Seoul, South Korea, says it will be the first big city to settle in the Metaverse. On Nov. 3, the South Korean capital announced a plan to provide various public services and cultural events in the Metaverse, an immersive internet that relies on virtual reality. If the plan is successful, the citizens of Seoul can wear virtual reality glasses, visit a virtual town hall, and do everything from visiting historic sites to filing civil lawsuits.
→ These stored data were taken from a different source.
(* Let $m,n\ge 1$ and let $L_{m,n}$ be the generalized Laplacian matrix of the complete bipartite graph $K_{m,n}$, i.e. $L_{m,n}=\begin{pmatrix} \mathrm{diag}(x_1,\dots,x_m) & -J_{m,n}\\ -J_{n,m} & \mathrm{diag}(y_1,\dots,y_n)\end{pmatrix}$, where $J_{p,q}$ is the all-ones $p\times q$ matrix. Then the $3$-minors of $L_{m,n}$, each taken with the sign making its leading coefficient positive, are the following polynomials, where $1\le i_1<i_2<i_3\le m$ and $1\le j_1<j_2<j_3\le n$: - $y_{j_1}$, $y_{j_1}y_{j_2}$ and $y_{j_1}y_{j_2}y_{j_3}$ when $n\ge 3$; - $x_{i_1}$, $x_{i_1}x_{i_2}$ and $x_{i_1}x_{i_2}x_{i_3}$ when $m\ge 3$; - $y_{j_1}y_{j_2}x_{i_1}-y_{j_1}-y_{j_2}$ when $n\ge 2$; - $x_{i_1}x_{i_2}y_{j_1}-x_{i_1}-x_{i_2}$ when $m\ge 2$; - $x_{i_1}+x_{i_2}$, $y_{j_1}+y_{j_2}$ and $x_{i_1}y_{j_1}$ when $m\ge 2$ and $n\ge 2$.
   Context: A $3$-minor of a matrix is the determinant of a $3\times 3$ submatrix (choice of 3 rows and 3 columns). Here $x_1,\dots,x_m,y_1,\dots,y_n$ are indeterminates and the minors lie in $\mathbb{Z}[x_1,\dots,x_m,y_1,\dots,y_n]$. *)

theory Defs
  imports "HOL-Library.Poly_Mapping" "Jordan_Normal_Form.Determinant" "Jordan_Normal_Form.DL_Submatrix"
begin
lemma AE_clarke_grad_inner_const:
  fixes \<phi> :: "real \<Rightarrow> 'a"
  assumes "continuous_on {0<..} \<phi>"
  shows "AE t in lborel. 0 \<le> t \<longrightarrow> (\<forall>d. (\<phi> has_vector_derivative d) (at t) \<longrightarrow>
           (\<exists>c. \<forall>v\<in>clarke_grad V (\<phi> t). v \<bullet> d = c))"
proof (rule AE_I')
  define N where "N = {0} \<union> (\<Union>i\<in>I. {t. t isolated_in \<phi> -` X i}) \<union>
    (\<Union>q\<in>\<rat>. {t. strict_local_max (\<lambda>s. V (\<phi> s) - q * s) t} \<union>
      {t. strict_local_max (\<lambda>s. q * s - V (\<phi> s)) t})"
  have "countable N"
    unfolding N_def
    by (intro countable_Un countable_UN[OF countable_finite[OF finite_index]]
        countable_UN[OF countable_rat] countable_isolated_points countable_strict_local_max) simp
  then show "N \<in> null_sets lborel" by (rule countable_imp_null_set_lborel)
  show "{t \<in> space lborel. \<not> (0 \<le> t \<longrightarrow> (\<forall>d. (\<phi> has_vector_derivative d) (at t) \<longrightarrow>
           (\<exists>c. \<forall>v\<in>clarke_grad V (\<phi> t). v \<bullet> d = c)))} \<subseteq> N"
  proof (safe, rule ccontr)
    fix t d assume "0 \<le> t" "t \<notin> N" and der: "(\<phi> has_vector_derivative d) (at t)"
      and not_const: "\<nexists>c. \<forall>v\<in>clarke_grad V (\<phi> t). v \<bullet> d = c"
    have "t \<in> {0<..}" using \<open>0 \<le> t\<close> \<open>t \<notin> N\<close> by (auto simp: N_def)
    moreover have "t islimpt \<phi> -` X i" if "i \<in> I" "\<phi> t \<in> X i" for i
      using \<open>t \<notin> N\<close> that by (auto simp: N_def isolated_in_islimpt_iff)
    moreover have "\<not> strict_local_max (\<lambda>s. V (\<phi> s) - q * s) t \<and>
        \<not> strict_local_max (\<lambda>s. q * s - V (\<phi> s)) t" if "q \<in> \<rat>" for q
      using \<open>t \<notin> N\<close> that by (auto simp: N_def)
    ultimately have "\<exists>c. \<forall>v\<in>clarke_grad V (\<phi> t). v \<bullet> d = c"
      by (intro clarke_grad_inner_const[OF open_greaterThan _ assms der])
    with not_const show False by blast
  qed
qed

theorem nonpathological_V: "nonpathological V"
  unfolding nonpathological_def
proof (intro conjI allI impI)
  show "locally_lipschitz V" by (rule locally_lipschitz_V)
  fix \<phi> :: "real \<Rightarrow> 'a" assume "abs_cont_Rplus \<phi>"
  then show "AE t in lborel. 0 \<le> t \<longrightarrow> (\<forall>d. (\<phi> has_vector_derivative d) (at t) \<longrightarrow>
      (\<exists>a. \<forall>v\<in>clarke_grad V (\<phi> t). v \<bullet> d = a))"
    by (intro AE_clarke_grad_inner_const continuous_on_if_abs_cont_Rplus)
qed

end

theorem lemma4:
  fixes K :: nat and X Op :: "nat \<Rightarrow> 'a::euclidean_space set" and V :: "'a \<Rightarrow> real"
  assumes "proper_partition K X Op"
    and "piecewise_C1 K X Op V"
  shows "nonpathological V"
proof -
  obtain W where W: "\<forall>i\<in>{1..K}. C1_on (Op i) (W i) \<and> (\<forall>x\<in>X i. V x = W i x)"
    using assms(2) unfolding piecewise_C1_def by blast
  then have "\<forall>i\<in>{1..K}. \<exists>Di. (\<forall>x\<in>Op i. (W i has_derivative (\<lambda>h. Di x \<bullet> h)) (at x)) \<and>
      continuous_on (Op i) Di"
    unfolding C1_on_def by blast
  then obtain D where D: "\<forall>i\<in>{1..K}. (\<forall>x\<in>Op i. (W i has_derivative (\<lambda>h. D i x \<bullet> h)) (at x)) \<and>
      continuous_on (Op i) (D i)"
    by (rule bchoice[THEN exE])
  interpret piecewise_C1_function "{1..K}" X Op W D V
    using assms(1) W D unfolding proper_partition_def by unfold_locales auto
  show ?thesis by (rule nonpathological_V)
qed

end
The 3.9 billion won ($3.3 million) investment is part of Mayor Oh Se-hoon’s 10-year plan for the city to boost social mobility among citizens and boost Seoul’s global competitiveness. It will also take full advantage of South Korea’s Digital New Deal, a nationwide plan to use digital and artificial intelligence tools to improve health care, central infrastructure and the economy to help South Korea recover from the economic crisis caused by the new coronavirus epidemic.
The Seoul Metropolitan Government will develop its own metaverse platform by the end of 2022. When it officially opens in 2026, it will host a number of public functions, including a virtual mayor’s office and space dedicated to the business sector; a fintech incubator; and a public investment organization. The platform will kick off this December with a virtual New Year’s bell ringing ceremony. In 2023, the city of Seoul plans to open the “Metaverse 120 Center,” a venue for virtual public services. The avatars will be here to address the concerns of citizens that previously could only be addressed by visiting the town hall in person. So far, the plan has provided few details about the devices citizens will use to access the Metaverse platform, and Seoul city officials stress that the goal is to expand the reach of public city services, regardless of citizens’ geographic locations or disabilities. But professional equipment can be a hindrance for many citizens. Virtual reality headsets still cost $300 to $600 and are not as ubiquitous as smartphones and computers.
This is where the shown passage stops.